* WORK ITEM *
Please return every line of the records that contains the word "dest".

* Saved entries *

(* Let $X$ be a countably infinite set, $\mathscr{A}=2^X$, $\mu$ a measure on $\mathscr{A}$ with $\mu(x):=\mu(\{x\})<\infty$ for all $x\in X$, and $\phi$ an injective nonsingular transformation of $X$. Assume $P\colon X\times\mathfrak{B}(\mathbb{R}_+)\to[0,1]$ is a family of probability measures satisfying (CC): $\mathsf{E}(P(\cdot,\sigma))(x)=\dfrac{\int_\sigma t\,P(\phi(x),\mathrm{d}t)}{\mathsf{h}_\phi(\phi(x))}$ for $\mu$-a.e. $x\in X$, for every $\sigma\in\mathfrak{B}(\mathbb{R}_+)$. Then (i) $\int_\sigma t^n P(\phi^n(x),\mathrm{d}t)=\mathsf{h}_{\phi^n}(\phi^n(x))\cdot P(x,\sigma)$ for all $\sigma\in\mathfrak{B}(\mathbb{R}_+)$, $n\in\mathbb{Z}_+$ and $x\in X$ with $\mu(x)>0$. Moreover, if $\mu(x)>0$ for every $x\in X$, then (ii) $\int_\sigma t^nP(x,\mathrm{d}t)=\mathsf{h}_{\phi^n}(x)\cdot P\big((\phi^n)^{-1}(x),\sigma\big)$ for all $\sigma\in\mathfrak{B}(\mathbb{R}_+)$, $x\in\phi^n(X)$ and $n\in\mathbb{Z}_+$.
   Context: $\mathbb{R}_+=[0,\infty)$, $\mathbb{Z}_+=\{0,1,\dots\}$. $\phi$ nonsingular means $\mu(\phi^{-1}(\{x\}))=0$ whenever $\mu(x)=0$. $\phi^n$ is the $n$-fold composition and $\mathsf{h}_{\phi^n}(x)=\mu(\phi^{-n}(\{x\}))/\mu(x)$, with $\mathsf{h}_{\phi^n}(x)=1$ if $\mu(x)=0$ (convention $0/0=1$; also $1/0=\infty$, $0\cdot\infty=0$). $\mathsf{E}(f)$ is the conditional expectation of $f\colon X\to[0,\infty]$ w.r.t. the $\sigma$-algebra $\phi^{-1}(2^X)$: the a.e. unique $\phi^{-1}(2^X)$-measurable function with $\int(g\circ\phi)f\,\mathrm{d}\mu=\int(g\circ\phi)\mathsf{E}(f)\,\mathrm{d}\mu$ for all $g\colon X\to[0,\infty]$. A family of probability measures: each $P(x,\cdot)$ is a Borel probability measure on $\mathbb{R}_+$. *)

theory Defs
  imports "HOL-Probability.Probability"
begin

definition hphi :: "'a measure \<Rightarrow> ('a \<Rightarrow> 'a) \<Rightarrow> 'a \<Rightarrow> ennreal" where
  "hphi M f x = (if emeasure M {x} = 0 then 1 else emeasure M (f -` {x}) / emeasure M {x})"

definition condexp :: "'a measure \<Rightarrow> ('a \<Rightarrow> 'a) \<Rightarrow> ('a \<Rightarrow> ennreal) \<Rightarrow> 'a \<Rightarrow> ennreal" where
  "condexp M f g = nn_cond_exp M (vimage_algebra UNIV f (count_space UNIV)) g"

end

theory Submission
  imports Defs
begin

text \<open>Because \<phi> is injective, the sigma-algebra \<phi>^-1(2^X) is all of 2^X, so the conditional
  expectation is the identity and (CC) holds at every atom of positive mass. There it says that
  t P(\<phi> x, dt) = h_\<phi>(\<phi> x) P(x, dt) as measures; integrating t^n against both sides and inducting
  along the orbit x, \<phi> x, \<phi>^2 x, ... gives (i), because h_\<phi>(\<phi> y) = \<mu>(y)/\<mu>(\<phi> y) and these
  ratios telescope to \<mu>(x)/\<mu>(\<phi>^n x) = h_\<phi>^n(\<phi>^n x). Part (ii) is (i) read at the preimage point.\<close>

lemma AE_atom:
  assumes "AE y in M. Q y" and "{x} \<in> sets M" and "emeasure M {x} \<noteq> 0"
  shows "Q x"
proof (rule ccontr)
  assume "\<not> Q x"
  from assms(1) obtain N where N: "{y \<in> space M. \<not> Q y} \<subseteq> N" "emeasure M N = 0" "N \<in> sets M"
    by (rule AE_E)
  have "{x} \<subseteq> N"
    using N(1) \<open>\<not> Q x\<close> sets.sets_into_space[OF assms(2)] by auto
  then have "emeasure M {x} \<le> emeasure M N"
    using N(3) by (rule emeasure_mono)
  with N(2) assms(3) show False by simp
qed

lemma sigma_finite_measure_countable_atoms:
  assumes "countable (space M)"
    and "\<And>x. x \<in> space M \<Longrightarrow> {x} \<in> sets M" and "\<And>x. x \<in> space M \<Longrightarrow> emeasure M {x} \<noteq> \<infinity>"
  shows "sigma_finite_measure M"
proof (rule sigma_finite_measure.intro, intro exI conjI)
  show "countable ((\<lambda>x. {x}) ` space M)"
    using assms(1) by (rule countable_image)
qed (use assms(2,3) in auto)

lemma sets_vimage_algebra_inj_count_space:
  assumes "inj f"
  shows "sets (vimage_algebra UNIV f (count_space UNIV)) = Pow UNIV"
proof (intro equalityI subsetI)
  fix B :: "'a set"
  have "f -` (f ` B) \<inter> UNIV \<in> sets (vimage_algebra UNIV f (count_space UNIV))"
    by (rule in_vimage_algebra) auto
  then show "B \<in> sets (vimage_algebra UNIV f (count_space UNIV))"
    using inj_vimage_image_eq[OF assms] by simp
qed auto

lemma condexp_inj_AE_eq:
  fixes M :: "'a measure"
  assumes "countable (UNIV :: 'a set)" and space_M: "space M = UNIV" and sets_M: "sets M = Pow UNIV"
    and "\<And>x. emeasure M {x} < \<infinity>" and "inj \<phi>"
  shows "AE x in M. condexp M \<phi> g x = g x"
proof -
  let ?F = "vimage_algebra UNIV \<phi> (count_space UNIV)"
  have sets_F: "sets ?F = Pow UNIV"
    using \<open>inj \<phi>\<close> by (rule sets_vimage_algebra_inj_count_space)
  have sub: "subalgebra M ?F"
    unfolding subalgebra_def using sets_F space_M sets_M by auto
  have "sigma_finite_measure (restr_to_subalg M ?F)"
    using assms(1,4) sets_F
    by (intro sigma_finite_measure_countable_atoms)
       (auto simp: space_restr_to_subalg sets_restr_to_subalg[OF sub] space_M
                   emeasure_restr_to_subalg[OF sub] less_top[symmetric])
  then interpret sigma_finite_subalgebra M ?F
    using sub by (intro sigma_finite_subalgebra.intro)
  have "borel_measurable ?F = (borel_measurable (count_space UNIV) :: ('a \<Rightarrow> ennreal) set)"
    by (rule measurable_cong_sets) (simp_all add: sets_F)
  then have "g \<in> borel_measurable ?F"
    by simp
  then have "AE x in M. g x = nn_cond_exp M ?F g x"
    by (rule nn_cond_exp_F_meas)
  then show ?thesis
    unfolding condexp_def by (auto elim: AE_mp)
qed

text \<open>The hypothesis says that the measures with densities f w.r.t. Q and h w.r.t. R agree.\<close>

lemma nn_integral_density_scaled:
  assumes sets_R: "sets R = sets Q" and f: "f \<in> borel_measurable Q" and g: "g \<in> borel_measurable Q"
    and "h \<noteq> 0" and "h \<noteq> \<infinity>"
    and R_eq: "\<And>A. A \<in> sets Q \<Longrightarrow> emeasure R A = (\<integral>\<^sup>+ x \<in> A. f x \<partial>Q) / h"
  shows "(\<integral>\<^sup>+ x. f x * g x \<partial>Q) = h * (\<integral>\<^sup>+ x. g x \<partial>R)"
proof -
  have "density Q f = density R (\<lambda>_. h)"
  proof (rule measure_eqI)
    fix A assume "A \<in> sets (density Q f)"
    then have A: "A \<in> sets Q" by simp
    have "emeasure (density Q f) A = h * emeasure R A"
      using A f R_eq[OF A] \<open>h \<noteq> 0\<close> \<open>h \<noteq> \<infinity>\<close>
      by (simp add: emeasure_density ennreal_times_divide ennreal_mult_divide_eq mult.commute[of h])
    also have "\<dots> = emeasure (density R (\<lambda>_. h)) A"
      using A sets_R by (simp add: emeasure_density nn_integral_cmult_indicator)
    finally show "emeasure (density Q f) A = emeasure (density R (\<lambda>_. h)) A" .
  qed (simp add: sets_R)
  then have "(\<integral>\<^sup>+ x. g x \<partial>density Q f) = (\<integral>\<^sup>+ x. g x \<partial>density R (\<lambda>_. h))"
    by simp
  moreover have "g \<in> borel_measurable R"
    using g by (simp add: measurable_cong_sets[OF sets_R refl])
  ultimately show ?thesis
    using f g by (simp add: nn_integral_density nn_integral_cmult)
qed

lemma set_nn_integral_power_Suc_eq:
  fixes Q R :: "real measure"
  assumes sets_Q: "sets Q = sets (restrict_space borel {0..})"
    and sets_R: "sets R = sets (restrict_space borel {0..})"
    and "h \<noteq> 0" and "h \<noteq> \<infinity>"
    and R_eq: "\<And>A. A \<in> sets (restrict_space borel {0..}) \<Longrightarrow>
       emeasure R A = (\<integral>\<^sup>+ t \<in> A. ennreal t \<partial>Q) / h"
    and \<sigma>: "\<sigma> \<in> sets (restrict_space borel {0..})"
  shows "(\<integral>\<^sup>+ t \<in> \<sigma>. ennreal (t ^ Suc n) \<partial>Q) = h * (\<integral>\<^sup>+ t \<in> \<sigma>. ennreal (t ^ n) \<partial>R)"
proof -
  have measurable: "(\<lambda>t. ennreal (p t)) \<in> borel_measurable Q" if "p \<in> borel_measurable borel" for p
    using that by (subst measurable_cong_sets[OF sets_Q refl]) (intro measurable_restrict_space1, simp)
  have "space Q = {0..}"
    using sets_eq_imp_space_eq[OF sets_Q] by simp
  then have "(\<integral>\<^sup>+ t \<in> \<sigma>. ennreal (t ^ Suc n) \<partial>Q)
      = (\<integral>\<^sup>+ t. ennreal t * (ennreal (t ^ n) * indicator \<sigma> t) \<partial>Q)"
    by (intro nn_integral_cong) (auto simp: ennreal_mult[symmetric] indicator_def)
  also have "\<dots> = h * (\<integral>\<^sup>+ t \<in> \<sigma>. ennreal (t ^ n) \<partial>R)"
    using \<open>h \<noteq> 0\<close> \<open>h \<noteq> \<infinity>\<close> \<sigma> sets_Q sets_R R_eq
    by (intro nn_integral_density_scaled measurable borel_measurable_times_ennreal) auto
  finally show ?thesis .
qed

lemma ennreal_divide_mult_divide_cancel:
  fixes a b c :: ennreal
  assumes "b \<noteq> 0" and "b \<noteq> \<top>"
  shows "b / c * (a / b) = a / c"
  using assms by (metis ennreal_divide_times mult_1 mult_divide_eq_ennreal)

lemma hphi_inj_apply:
  assumes "inj g" and "emeasure M {g y} \<noteq> 0"
  shows "hphi M g (g y) = emeasure M {y} / emeasure M {g y}"
proof -
  have "g -` {g y} = {y}"
    using assms(1) by (auto dest: injD)
  with assms(2) show ?thesis
    unfolding hphi_def by simp
qed

lemma emeasure_singleton_funpow_pos:
  assumes "inj \<phi>" and nonsingular: "\<And>x. emeasure M {x} = 0 \<Longrightarrow> emeasure M (\<phi> -` {x}) = 0"
    and "emeasure M {x} > 0"
  shows "emeasure M {(\<phi> ^^ n) x} > 0"
proof (induction n)
  case (Suc n)
  have "\<phi> -` {\<phi> ((\<phi> ^^ n) x)} = {(\<phi> ^^ n) x}"
    using \<open>inj \<phi>\<close> by (auto dest: injD)
  with Suc nonsingular[of "\<phi> ((\<phi> ^^ n) x)"] show ?case
    by (auto simp: zero_less_iff_neq_zero)
qed (use assms(3) in simp)

lemma set_nn_integral_power_funpow:
  fixes P :: "'a \<Rightarrow> real measure"
  assumes finite_pts: "\<And>x. emeasure M {x} < \<infinity>" and "inj \<phi>"
    and nonsingular: "\<And>x. emeasure M {x} = 0 \<Longrightarrow> emeasure M (\<phi> -` {x}) = 0"
    and P_sets: "\<And>x. sets (P x) = sets (restrict_space borel {0::real..})"
    and CC: "\<And>y \<sigma>. emeasure M {y} > 0 \<Longrightarrow> \<sigma> \<in> sets (restrict_space borel {0::real..}) \<Longrightarrow>
       emeasure (P y) \<sigma> = (\<integral>\<^sup>+ t \<in> \<sigma>. ennreal t \<partial>P (\<phi> y)) / hphi M \<phi> (\<phi> y)"
    and x: "emeasure M {x} > 0" and \<sigma>: "\<sigma> \<in> sets (restrict_space borel {0::real..})"
  shows "(\<integral>\<^sup>+ t \<in> \<sigma>. ennreal (t ^ n) \<partial>P ((\<phi> ^^ n) x))
    = hphi M (\<phi> ^^ n) ((\<phi> ^^ n) x) * emeasure (P x) \<sigma>"
proof -
  have pos: "emeasure M {(\<phi> ^^ n) x} > 0" for n
    using \<open>inj \<phi>\<close> nonsingular x by (rule emeasure_singleton_funpow_pos)
  have hphi_funpow: "hphi M (\<phi> ^^ n) ((\<phi> ^^ n) x) = emeasure M {x} / emeasure M {(\<phi> ^^ n) x}" for n
    using inj_fn[OF \<open>inj \<phi>\<close>] pos[of n] by (intro hphi_inj_apply) auto
  show ?thesis
  proof (induction n)
    case 0
    have "emeasure M {x} / emeasure M {x} = 1"
      using x finite_pts[of x] by (simp add: ennreal_divide_self)
    then show ?case
      using \<sigma> P_sets[of x] hphi_funpow[of 0] by (simp add: id_def)
  next
    case (Suc n)
    let ?y = "(\<phi> ^^ n) x"
    have hphi_y: "hphi M \<phi> (\<phi> ?y) = emeasure M {?y} / emeasure M {\<phi> ?y}"
      using \<open>inj \<phi>\<close> pos[of "Suc n"] by (intro hphi_inj_apply) auto
    have "hphi M \<phi> (\<phi> ?y) \<noteq> 0" "hphi M \<phi> (\<phi> ?y) \<noteq> \<infinity>"
      using hphi_y pos[of n] pos[of "Suc n"] finite_pts[of ?y] finite_pts[of "\<phi> ?y"]
      by (auto simp: ennreal_divide_eq_0_iff ennreal_divide_eq_top_iff)
    then have "(\<integral>\<^sup>+ t \<in> \<sigma>. ennreal (t ^ Suc n) \<partial>P (\<phi> ?y))
        = hphi M \<phi> (\<phi> ?y) * (\<integral>\<^sup>+ t \<in> \<sigma>. ennreal (t ^ n) \<partial>P ?y)"
      using P_sets CC[OF pos[of n]] \<sigma> by (intro set_nn_integral_power_Suc_eq)
    also have "\<dots> = emeasure M {?y} / emeasure M {\<phi> ?y} * (emeasure M {x} / emeasure M {?y})
        * emeasure (P x) \<sigma>"
      using Suc hphi_y hphi_funpow[of n] by (simp add: mult.assoc)
    also have "\<dots> = emeasure M {x} / emeasure M {\<phi> ?y} * emeasure (P x) \<sigma>"
      using pos[of n] finite_pts[of ?y] by (simp add: ennreal_divide_mult_divide_cancel)
    also have "\<dots> = hphi M (\<phi> ^^ Suc n) ((\<phi> ^^ Suc n) x) * emeasure (P x) \<sigma>"
      using hphi_funpow[of "Suc n"] by simp
    finally show ?case by (simp add: comp_def)
  qed
qed

theorem proposition36:
  fixes M :: "'a measure" and \<phi> :: "'a \<Rightarrow> 'a" and P :: "'a \<Rightarrow> real measure"
  assumes X_countable: "countable (UNIV :: 'a set)"
    and X_infinite: "infinite (UNIV :: 'a set)"
    and space_M: "space M = UNIV"
    and sets_M: "sets M = Pow UNIV"
    and finite_pts: "\<And>x. emeasure M {x} < \<infinity>"
    and inj_phi: "inj \<phi>"
    and nonsingular: "\<And>x. emeasure M {x} = 0 \<Longrightarrow> emeasure M (\<phi> -` {x}) = 0"
    and P_sets: "\<And>x. sets (P x) = sets (restrict_space borel {0::real..})"
    and P_prob: "\<And>x. prob_space (P x)"
    and CC: "\<And>\<sigma>. \<sigma> \<in> sets (restrict_space borel {0::real..}) \<Longrightarrow>
       AE x in M. condexp M \<phi> (\<lambda>y. emeasure (P y) \<sigma>) x
         = (\<integral>\<^sup>+ t \<in> \<sigma>. ennreal t \<partial>P (\<phi> x)) / hphi M \<phi> (\<phi> x)"
  shows "(\<forall>\<sigma> \<in> sets (restrict_space borel {0::real..}). \<forall>n::nat. \<forall>x. emeasure M {x} > 0 \<longrightarrow>
            (\<integral>\<^sup>+ t \<in> \<sigma>. ennreal (t ^ n) \<partial>P ((\<phi> ^^ n) x))
              = hphi M (\<phi> ^^ n) ((\<phi> ^^ n) x) * emeasure (P x) \<sigma>)
       \<and> ((\<forall>x. emeasure M {x} > 0) \<longrightarrow>
          (\<forall>\<sigma> \<in> sets (restrict_space borel {0::real..}). \<forall>n::nat. \<forall>x \<in> range (\<phi> ^^ n).
            (\<integral>\<^sup>+ t \<in> \<sigma>. ennreal (t ^ n) \<partial>P x)
              = hphi M (\<phi> ^^ n) x * emeasure (P (inv (\<phi> ^^ n) x)) \<sigma>))"
proof -
  have CC_atoms: "emeasure (P y) \<sigma> = (\<integral>\<^sup>+ t \<in> \<sigma>. ennreal t \<partial>P (\<phi> y)) / hphi M \<phi> (\<phi> y)"
    if "emeasure M {y} > 0" and \<sigma>: "\<sigma> \<in> sets (restrict_space borel {0::real..})" for y \<sigma>
  proof -
    have "AE x in M. emeasure (P x) \<sigma> = (\<integral>\<^sup>+ t \<in> \<sigma>. ennreal t \<partial>P (\<phi> x)) / hphi M \<phi> (\<phi> x)"
      using condexp_inj_AE_eq[OF X_countable space_M sets_M finite_pts inj_phi, of "\<lambda>y. emeasure (P y) \<sigma>"] CC[OF \<sigma>]
      by eventually_elim simp
    then show ?thesis
      by (rule AE_atom) (use that sets_M in auto)
  qed
  have part_i: "(\<integral>\<^sup>+ t \<in> \<sigma>. ennreal (t ^ n) \<partial>P ((\<phi> ^^ n) x))
      = hphi M (\<phi> ^^ n) ((\<phi> ^^ n) x) * emeasure (P x) \<sigma>"
    if "emeasure M {x} > 0" "\<sigma> \<in> sets (restrict_space borel {0::real..})" for \<sigma> n x
    using finite_pts inj_phi nonsingular P_sets CC_atoms that by (rule set_nn_integral_power_funpow)
  have part_ii: "(\<integral>\<^sup>+ t \<in> \<sigma>. ennreal (t ^ n) \<partial>P x) = hphi M (\<phi> ^^ n) x * emeasure (P (inv (\<phi> ^^ n) x)) \<sigma>"
    if "emeasure M {z} > 0" "\<sigma> \<in> sets (restrict_space borel {0::real..})" "x = (\<phi> ^^ n) z" for \<sigma> n x z
    using part_i[OF that(1,2), of n] inv_f_f[OF inj_fn[OF inj_phi]] that(3) by simp
  show ?thesis
    using part_i part_ii by blast
qed

end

* OUTPUT OF THE EXERCISE *
    using assms(1) by (auto dest: injD)
    using \<open>inj \<phi>\<close> by (auto dest: injD)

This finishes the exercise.